- [ACTIVITY]: Please report each line in the material below that includes "fixes".

------ SOURCE MATERIAL ------

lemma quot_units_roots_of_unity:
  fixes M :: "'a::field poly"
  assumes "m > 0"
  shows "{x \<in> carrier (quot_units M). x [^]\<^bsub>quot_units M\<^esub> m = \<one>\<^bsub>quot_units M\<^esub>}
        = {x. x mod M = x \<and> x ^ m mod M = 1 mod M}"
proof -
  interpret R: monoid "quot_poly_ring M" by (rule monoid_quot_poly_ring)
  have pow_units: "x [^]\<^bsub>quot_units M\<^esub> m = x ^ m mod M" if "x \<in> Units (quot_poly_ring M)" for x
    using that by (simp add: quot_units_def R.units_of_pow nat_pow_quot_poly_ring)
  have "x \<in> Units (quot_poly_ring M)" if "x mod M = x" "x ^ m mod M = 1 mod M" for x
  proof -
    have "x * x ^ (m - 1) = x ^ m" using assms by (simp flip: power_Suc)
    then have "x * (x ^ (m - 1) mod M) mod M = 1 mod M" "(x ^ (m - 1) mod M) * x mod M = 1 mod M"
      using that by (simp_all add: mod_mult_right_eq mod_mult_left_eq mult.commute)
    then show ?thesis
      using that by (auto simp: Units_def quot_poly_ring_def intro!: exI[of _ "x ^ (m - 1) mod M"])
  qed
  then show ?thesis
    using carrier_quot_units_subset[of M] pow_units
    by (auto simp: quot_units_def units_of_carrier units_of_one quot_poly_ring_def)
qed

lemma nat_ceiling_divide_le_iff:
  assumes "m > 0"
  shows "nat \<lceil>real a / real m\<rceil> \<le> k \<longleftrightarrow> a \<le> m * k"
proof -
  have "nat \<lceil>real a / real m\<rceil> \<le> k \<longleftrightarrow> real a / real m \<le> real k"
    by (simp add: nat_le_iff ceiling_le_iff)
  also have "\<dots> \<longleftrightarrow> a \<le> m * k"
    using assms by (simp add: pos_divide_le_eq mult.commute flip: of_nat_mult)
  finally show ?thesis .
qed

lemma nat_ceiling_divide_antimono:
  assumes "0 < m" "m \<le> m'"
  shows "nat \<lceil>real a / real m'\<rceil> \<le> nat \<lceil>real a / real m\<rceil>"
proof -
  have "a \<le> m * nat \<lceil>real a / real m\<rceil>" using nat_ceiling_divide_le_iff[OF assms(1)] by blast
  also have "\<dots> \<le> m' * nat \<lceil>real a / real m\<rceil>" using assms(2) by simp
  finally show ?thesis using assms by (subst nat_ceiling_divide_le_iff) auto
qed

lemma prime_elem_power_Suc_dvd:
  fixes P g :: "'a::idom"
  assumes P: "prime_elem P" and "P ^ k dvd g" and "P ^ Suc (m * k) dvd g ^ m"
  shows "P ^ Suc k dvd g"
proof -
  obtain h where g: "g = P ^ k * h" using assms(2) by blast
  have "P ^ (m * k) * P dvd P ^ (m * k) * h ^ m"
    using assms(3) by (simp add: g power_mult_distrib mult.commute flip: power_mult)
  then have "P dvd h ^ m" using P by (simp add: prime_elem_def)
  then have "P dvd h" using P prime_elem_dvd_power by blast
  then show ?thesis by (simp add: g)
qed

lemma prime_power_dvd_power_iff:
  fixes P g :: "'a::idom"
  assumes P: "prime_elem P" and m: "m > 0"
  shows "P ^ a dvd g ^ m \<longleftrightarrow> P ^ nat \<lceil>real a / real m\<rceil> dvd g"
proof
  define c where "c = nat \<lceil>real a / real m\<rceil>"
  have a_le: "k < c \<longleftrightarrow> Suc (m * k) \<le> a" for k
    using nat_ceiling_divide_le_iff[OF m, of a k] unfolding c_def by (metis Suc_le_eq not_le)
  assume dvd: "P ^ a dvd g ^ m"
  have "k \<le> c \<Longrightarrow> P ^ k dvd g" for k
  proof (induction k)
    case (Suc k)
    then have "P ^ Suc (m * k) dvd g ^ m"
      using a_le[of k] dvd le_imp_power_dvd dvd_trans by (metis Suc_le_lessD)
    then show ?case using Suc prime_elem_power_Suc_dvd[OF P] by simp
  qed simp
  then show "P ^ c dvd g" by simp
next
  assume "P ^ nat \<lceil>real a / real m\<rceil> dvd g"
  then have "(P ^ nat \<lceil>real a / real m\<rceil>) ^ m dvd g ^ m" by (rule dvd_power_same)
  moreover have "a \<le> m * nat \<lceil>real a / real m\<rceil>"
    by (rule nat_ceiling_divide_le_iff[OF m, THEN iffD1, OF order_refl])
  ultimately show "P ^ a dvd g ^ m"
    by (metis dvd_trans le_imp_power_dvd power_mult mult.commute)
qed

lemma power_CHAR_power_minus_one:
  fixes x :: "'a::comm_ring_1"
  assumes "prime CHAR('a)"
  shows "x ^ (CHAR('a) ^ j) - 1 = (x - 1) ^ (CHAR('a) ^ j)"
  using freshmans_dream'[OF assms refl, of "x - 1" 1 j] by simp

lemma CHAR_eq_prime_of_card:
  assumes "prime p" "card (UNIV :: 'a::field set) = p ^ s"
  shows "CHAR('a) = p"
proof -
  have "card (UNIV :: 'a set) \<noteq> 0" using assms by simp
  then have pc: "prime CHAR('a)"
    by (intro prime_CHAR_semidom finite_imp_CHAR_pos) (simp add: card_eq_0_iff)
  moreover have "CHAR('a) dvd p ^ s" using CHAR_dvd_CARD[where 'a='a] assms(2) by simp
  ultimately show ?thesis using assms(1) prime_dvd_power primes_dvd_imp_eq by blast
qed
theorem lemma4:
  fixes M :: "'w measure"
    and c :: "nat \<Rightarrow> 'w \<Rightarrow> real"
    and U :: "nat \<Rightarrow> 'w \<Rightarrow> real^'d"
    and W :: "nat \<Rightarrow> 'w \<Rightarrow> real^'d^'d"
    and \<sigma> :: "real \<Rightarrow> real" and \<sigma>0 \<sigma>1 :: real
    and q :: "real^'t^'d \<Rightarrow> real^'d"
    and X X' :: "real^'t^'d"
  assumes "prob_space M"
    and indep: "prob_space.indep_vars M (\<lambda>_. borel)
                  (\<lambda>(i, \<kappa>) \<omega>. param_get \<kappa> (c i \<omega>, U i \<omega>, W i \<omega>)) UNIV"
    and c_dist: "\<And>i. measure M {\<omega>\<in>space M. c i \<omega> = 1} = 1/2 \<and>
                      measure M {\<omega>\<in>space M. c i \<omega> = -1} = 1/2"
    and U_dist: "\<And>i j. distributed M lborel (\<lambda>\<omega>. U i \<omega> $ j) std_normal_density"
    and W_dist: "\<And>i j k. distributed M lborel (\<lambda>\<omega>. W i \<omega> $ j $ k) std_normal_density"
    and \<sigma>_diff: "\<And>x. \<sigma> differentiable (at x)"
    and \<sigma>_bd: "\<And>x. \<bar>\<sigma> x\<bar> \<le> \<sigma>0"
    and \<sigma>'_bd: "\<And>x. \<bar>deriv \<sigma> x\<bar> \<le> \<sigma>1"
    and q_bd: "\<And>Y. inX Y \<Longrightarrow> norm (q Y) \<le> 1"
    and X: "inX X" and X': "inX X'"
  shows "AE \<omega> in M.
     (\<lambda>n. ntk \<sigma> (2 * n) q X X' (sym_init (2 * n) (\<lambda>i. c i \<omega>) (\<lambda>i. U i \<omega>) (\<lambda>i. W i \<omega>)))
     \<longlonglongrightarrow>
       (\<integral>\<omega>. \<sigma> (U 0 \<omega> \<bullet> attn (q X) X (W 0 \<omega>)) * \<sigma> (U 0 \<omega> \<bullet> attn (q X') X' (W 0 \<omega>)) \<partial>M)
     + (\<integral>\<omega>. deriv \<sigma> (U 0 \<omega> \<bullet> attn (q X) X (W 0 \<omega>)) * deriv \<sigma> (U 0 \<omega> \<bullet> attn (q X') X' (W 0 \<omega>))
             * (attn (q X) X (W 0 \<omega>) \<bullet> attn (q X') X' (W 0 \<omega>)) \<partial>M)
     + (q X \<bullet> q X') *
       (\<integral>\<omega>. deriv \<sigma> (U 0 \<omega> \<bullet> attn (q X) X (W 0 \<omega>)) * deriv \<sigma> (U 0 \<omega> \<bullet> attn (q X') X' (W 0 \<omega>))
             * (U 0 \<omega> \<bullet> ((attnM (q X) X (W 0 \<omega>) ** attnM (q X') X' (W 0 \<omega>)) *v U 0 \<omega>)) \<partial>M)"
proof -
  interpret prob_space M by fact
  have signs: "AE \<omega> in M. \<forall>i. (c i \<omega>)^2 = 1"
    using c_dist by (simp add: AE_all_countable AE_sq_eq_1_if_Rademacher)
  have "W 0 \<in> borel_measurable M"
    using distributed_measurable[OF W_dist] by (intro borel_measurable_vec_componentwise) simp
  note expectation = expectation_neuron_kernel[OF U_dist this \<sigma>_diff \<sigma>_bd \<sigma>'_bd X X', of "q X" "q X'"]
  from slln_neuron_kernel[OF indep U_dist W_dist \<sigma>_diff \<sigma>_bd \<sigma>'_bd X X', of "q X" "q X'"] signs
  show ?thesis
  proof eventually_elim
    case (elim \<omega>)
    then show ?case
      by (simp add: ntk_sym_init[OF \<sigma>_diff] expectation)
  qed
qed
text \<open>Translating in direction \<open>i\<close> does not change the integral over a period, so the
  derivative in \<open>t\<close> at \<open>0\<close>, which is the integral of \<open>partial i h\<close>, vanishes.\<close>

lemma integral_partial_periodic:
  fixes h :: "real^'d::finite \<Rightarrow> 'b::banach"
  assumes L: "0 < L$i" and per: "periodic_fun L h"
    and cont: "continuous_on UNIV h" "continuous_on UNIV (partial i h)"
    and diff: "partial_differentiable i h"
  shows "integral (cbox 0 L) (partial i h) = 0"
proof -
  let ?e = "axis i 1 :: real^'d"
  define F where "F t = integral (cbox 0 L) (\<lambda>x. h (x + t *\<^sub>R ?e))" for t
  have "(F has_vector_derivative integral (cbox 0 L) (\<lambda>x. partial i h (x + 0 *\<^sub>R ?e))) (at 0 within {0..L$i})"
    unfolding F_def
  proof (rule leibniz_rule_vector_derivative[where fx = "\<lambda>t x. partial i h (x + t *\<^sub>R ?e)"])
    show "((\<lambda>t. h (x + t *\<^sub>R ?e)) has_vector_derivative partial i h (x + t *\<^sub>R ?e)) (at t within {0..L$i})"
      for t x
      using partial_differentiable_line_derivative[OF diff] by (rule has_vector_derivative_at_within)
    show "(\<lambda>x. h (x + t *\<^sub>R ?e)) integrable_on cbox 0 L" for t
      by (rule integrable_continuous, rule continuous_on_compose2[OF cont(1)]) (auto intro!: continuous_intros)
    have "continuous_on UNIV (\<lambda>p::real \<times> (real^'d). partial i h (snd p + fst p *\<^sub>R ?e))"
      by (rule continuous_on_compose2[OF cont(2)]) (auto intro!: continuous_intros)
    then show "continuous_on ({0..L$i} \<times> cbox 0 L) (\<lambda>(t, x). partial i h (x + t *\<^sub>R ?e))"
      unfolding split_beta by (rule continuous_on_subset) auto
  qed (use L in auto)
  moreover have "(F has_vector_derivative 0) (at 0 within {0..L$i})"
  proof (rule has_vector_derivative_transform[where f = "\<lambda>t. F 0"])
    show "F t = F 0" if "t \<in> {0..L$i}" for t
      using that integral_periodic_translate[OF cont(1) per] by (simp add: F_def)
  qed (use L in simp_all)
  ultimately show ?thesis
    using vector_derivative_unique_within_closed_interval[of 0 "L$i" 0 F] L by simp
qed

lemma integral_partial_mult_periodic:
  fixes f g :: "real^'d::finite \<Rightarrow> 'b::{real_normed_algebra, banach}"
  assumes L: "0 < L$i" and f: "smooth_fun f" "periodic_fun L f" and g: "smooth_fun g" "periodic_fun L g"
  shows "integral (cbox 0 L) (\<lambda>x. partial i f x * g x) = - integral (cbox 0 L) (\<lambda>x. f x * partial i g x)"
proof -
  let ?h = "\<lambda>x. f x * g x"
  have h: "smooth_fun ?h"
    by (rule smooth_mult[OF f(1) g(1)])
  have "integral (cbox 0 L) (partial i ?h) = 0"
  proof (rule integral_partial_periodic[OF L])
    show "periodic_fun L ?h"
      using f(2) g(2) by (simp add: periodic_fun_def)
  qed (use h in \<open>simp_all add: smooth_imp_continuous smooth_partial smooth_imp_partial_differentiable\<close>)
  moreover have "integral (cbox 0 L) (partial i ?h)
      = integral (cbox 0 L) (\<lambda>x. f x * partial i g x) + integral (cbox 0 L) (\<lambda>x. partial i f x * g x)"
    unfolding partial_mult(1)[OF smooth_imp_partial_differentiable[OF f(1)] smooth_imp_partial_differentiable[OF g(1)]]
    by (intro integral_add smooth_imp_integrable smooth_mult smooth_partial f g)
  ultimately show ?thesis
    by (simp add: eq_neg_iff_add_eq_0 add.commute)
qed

------

- [OUTPUT BELOW]:
  fixes M :: "'a::field poly"
  fixes P g :: "'a::idom"
  fixes P g :: "'a::idom"
  fixes x :: "'a::comm_ring_1"
  fixes M :: "'w measure"
  fixes h :: "real^'d::finite \<Rightarrow> 'b::banach"
  fixes f g :: "real^'d::finite \<Rightarrow> 'b::{real_normed_algebra, banach}"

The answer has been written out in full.